After 100 years, the restaurant closed on March 2, 2025. Some of the Pantry's employees relocated to East Los Tacos in East Los Angeles, with that restaurant's owner turning The Pantry's offerings into her restaurant's breakfast menu. On September 11, 2025, the owner and property developer Leo Pustilnikov and the labor union representing the Pantry's workers announced that it would reopen on December 31, 2025, with many of its original staff, its original schedule and its original menu returning with minor changes. After failing to open on December 31, a new date of April 1, 2026 was announced. The opening data was subsequently changed to "in May" along with the announcement that the menu would be changing to reflect a "multicultural" city.

==Lore==
The wait staff, and even the cook, were known for wearing impeccably starched white dress shirts with black bow ties.

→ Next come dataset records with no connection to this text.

(* Let $k \geq l$ be positive integers with $k \geq 2$, and let $A \subset \mathbb{N}$ be such that the set $A^k + A^l$ has positive lower density. Then there is a constant $C>0$ such that for infinitely many positive integers $X$, $$A(X) \geq C\,\frac{\sqrt{X}}{(\log X)^{\alpha(k,l)}}, \qquad \text{where } \alpha(k,l) = \frac{k+l-2}{k+l}.$$
   Context: $\mathbb{N}$ denotes the set of positive integers. For sets $A,B$ of integers, $AB=\{ab: a\in A, b\in B\}$, $A+B=\{a+b: a\in A,b\in B\}$, $A^1=A$ and $A^k = A A^{k-1}$ for $k>1$. For $A\subset\mathbb{N}_0$ and $X>0$, $A(X)=|A\cap[1,X]|$. The lower density of $A$ is $\liminf_{X\to\infty} A(X)/X$. *)

theory Defs
  imports "HOL-Analysis.Analysis"
begin

definition setprod :: "nat set \<Rightarrow> nat set \<Rightarrow> nat set" where
  "setprod A B = {a * b | a b. a \<in> A \<and> b \<in> B}"

definition setsum :: "nat set \<Rightarrow> nat set \<Rightarrow> nat set" where
  "setsum A B = {a + b | a b. a \<in> A \<and> b \<in> B}"

fun setpow :: "nat set \<Rightarrow> nat \<Rightarrow> nat set" where
  "setpow A 0 = {1}"
| "setpow A (Suc k) = setprod A (setpow A k)"

definition counting :: "nat set \<Rightarrow> real \<Rightarrow> nat" where
  "counting A X = card {a \<in> A. 1 \<le> a \<and> real a \<le> X}"
lemma adjunct_of_chains_insert_cover:
  "adj_chains S le k \<Longrightarrow> x \<notin> S \<Longrightarrow> covers S le p q \<Longrightarrow>
    adjunct_of_chains (insert x S) (insert_rel S le x {u. le u p} {v. le q v}) k"
proof (induction arbitrary: p q rule: adj_chains.induct)
  case (base C le)
  have "is_chain (insert x C) (insert_rel C le x {u. le u p} {v. le q v})"
    using chain_insert_cover[OF base.hyps base.prems] .
  then show ?case
    unfolding adjunct_of_chains_def using adj_chains.base by blast
next
  case (step A le k C leC a b)
  interpret chain_adjunct A le C leC a b
    using adj_chains_chain_adjunct[OF step.hyps] .
  have x: "x \<notin> A" "x \<notin> C" using step.prems(1) by auto
  show ?case
  proof (cases "covers A le p q")
    case True
    have pq: "p \<in> A" "q \<in> A" using covers_in[OF True] by auto
    obtain R0 where R0: "adj_chains (insert x A) R0 k"
        "agree_on (insert x A) R0 (insert_rel A le x {u. le u p} {v. le q v})"
      using step.IH[OF x(1) True] unfolding adjunct_of_chains_iff by blast
    have "agree_on (insert x (A \<union> C)) (adjunct_rel (insert x A) R0 C leC a b)
        (insert_rel (A \<union> C) R x {u. R u p} {v. R q v})"
      by (rule agree_on_adjunct_insert_left[OF disjoint x a_in b_in R0(2)])
        (use pq R_AA R_CA R_AC in auto)
    then show ?thesis
      unfolding adjunct_of_chains_iff
      using adj_chains_adjunct_insert_left[OF step.hyps _ R0] step.prems(1) by blast
  next
    case False
    show ?thesis by (rule adjunct_of_chains_insert_cover_in_chain[OF step.hyps(1) x step.prems(2) False])
  qed
qed

lemma adjunct_of_chains_adjoin_point:
  assumes "adj_chains S le k" "x \<notin> S" "p \<in> S" "q \<in> S" "le p q" "p \<noteq> q" "\<not> covers S le p q"
  shows "adjunct_of_chains (insert x S) (insert_rel S le x {u. le u p} {v. le q v}) (Suc k)"
proof -
  have "is_chain {x} (\<lambda>_ _. True)" by (rule is_chain_singleton) simp
  then have "adj_chains (S \<union> {x}) (adjunct_rel S le {x} (\<lambda>_ _. True) p q) (Suc k)"
    using adj_chains.step[OF assms(1)] assms(2-7) by blast
  moreover have "agree_on (insert x S) (adjunct_rel S le {x} (\<lambda>_ _. True) p q)
      (insert_rel S le x {u. le u p} {v. le q v})"
    using assms(2) unfolding agree_on_def adjunct_rel_def insert_rel_def by auto
  ultimately show ?thesis unfolding adjunct_of_chains_iff by auto
qed

lemma adjunct_of_chains_cong:
  "adjunct_of_chains S le k \<Longrightarrow> agree_on S le le' \<Longrightarrow> adjunct_of_chains S le' k"
  unfolding adjunct_of_chains_def agree_on_def by auto

lemma agree_on_insert_rel:
  assumes "x \<notin> S" "agree_on S R le" "le x x"
    "\<forall>u\<in>S. le u x \<longleftrightarrow> u \<in> D" "\<forall>v\<in>S. le x v \<longleftrightarrow> v \<in> U"
  shows "agree_on (insert x S) (insert_rel S R x D U) le"
  using assms unfolding agree_on_def insert_rel_def by auto

section \<open>Dismantlable lattices are adjuncts of chains\<close>

lemma is_lub_unique: "partial_order_on' S le \<Longrightarrow> is_lub S le u v z \<Longrightarrow> is_lub S le u v z' \<Longrightarrow> z = z'"
  unfolding is_lub_def using po_antisym by metis

lemma is_lub_subset: "is_lub A le u v z \<Longrightarrow> S \<subseteq> A \<Longrightarrow> z \<in> S \<Longrightarrow> is_lub S le u v z"
  unfolding is_lub_def by blast

lemma sublattice_lub:
  assumes "finite_lattice A le" "sublattice A le S" "x \<in> S" "y \<in> S"
  obtains z where "is_lub A le x y z" "is_lub S le x y z"
proof -
  have S: "S \<subseteq> A" using assms(2) unfolding sublattice_def by blast
  obtain z where z: "is_lub A le x y z" using assms S unfolding finite_lattice_def by blast
  then have "z \<in> S" using assms(2-4) unfolding sublattice_def by blast
  then show ?thesis using that z is_lub_subset[OF z S] by blast
qed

It was said that the Pantry hired its staff from among men recently released from jail or prison, providing them with an occupation as a way of rehabilitating them into society but this legend was concocted by staff to fool a visiting reporter.

For many years, a gentleman who could have passed as the twin brother of actor Humphrey Bogart worked at The Pantry as a waiter, and was known as "Bogie" by regulars.

==In popular culture==
The cafe is regularly mentioned or visited by characters in Michael Connelly's series of mystery novels featuring LAPD detective Harry Bosch, including The Black Echo and The Last Coyote.

The restaurant is featured in a scene in Judd Apatow's 2007 comedy Knocked Up, in which Seth Rogen's character informs his father (Harold Ramis) of his girlfriend's pregnancy.